Storage and memory: back to basics
A lot of the talk around the AIoT focuses on bringing the AI to the place where data is gathered. In other words, we need devices that can run these programs out on the road, up in the sky, inside a factory, or on an offshore platform. What these locations have in common are environments that are typically not too favorable to electronic equipment.
This is why it is wrong to think of AI and IoT as a magic box that you buy and install wherever you need it. It should be seen as a system made up of many smaller components that, together, enable the AI to do its work and for data to reach its user without too much delay.

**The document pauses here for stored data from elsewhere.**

lemma cycle_vertices:
  assumes c: "is_cycle S c" and S: "S \<subseteq> all_pairs V"
  shows "set c \<subseteq> V"
proof
  fix x assume "x \<in> set c"
  then obtain i where i: "i < length c" "x = c ! i"
    by (metis in_set_conv_nth)
  have "3 \<le> length c"
    using c unfolding is_cycle_def by simp
  obtain e where "e \<in> S" "x \<in> e"
  proof (cases "Suc i < length c")
    case True
    then show ?thesis
      using that cycle_edge[OF c True] i(2) by blast
  next
    case False
    then have "Suc (i - 1) < length c" "Suc (i - 1) = i"
      using i(1) \<open>3 \<le> length c\<close> by auto
    then show ?thesis
      using that cycle_edge[OF c, of "i - 1"] i(2) by (metis insertI2 singletonI)
  qed
  then show "x \<in> V"
    using S unfolding all_pairs_def by auto
qed

lemma shortest_cycle_chordless:
  assumes c: "is_cycle S c" and shortest: "\<And>c'. is_cycle S c' \<Longrightarrow> length c \<le> length c'"
    and ij: "i + 2 \<le> j" "j < length c" and chord: "{c ! j, c ! i} \<in> S"
  shows "i = 0 \<and> j = length c - 1"
proof -
  have "distinct c" "set (consec_edges c) \<subseteq> S"
    using c unfolding is_cycle_def by simp_all
  then have "is_cycle S (drop i (take (Suc j) c))"
    using ij chord by (rule is_cycle_segment)
  then have "length c \<le> Suc j - i"
    using shortest ij by fastforce
  then show ?thesis
    using ij by linarith
qed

Industrial-grade memory and storage (Source: Innodisk)
Storage and memory components and devices have to be present at every point where data is processed and transferred. As these processes are not usually the most taxing on the system, it is more important that the components are robust and built to last.
Conclusion
There is still a lot of hype around the AIoT, so the important thing when evaluating this technology is being able to separate what is currently feasible from what still lies in the future.
However, if you are able to see the past the buzzwords, there are nuggets of value already available that can enhance our personal lives and businesses.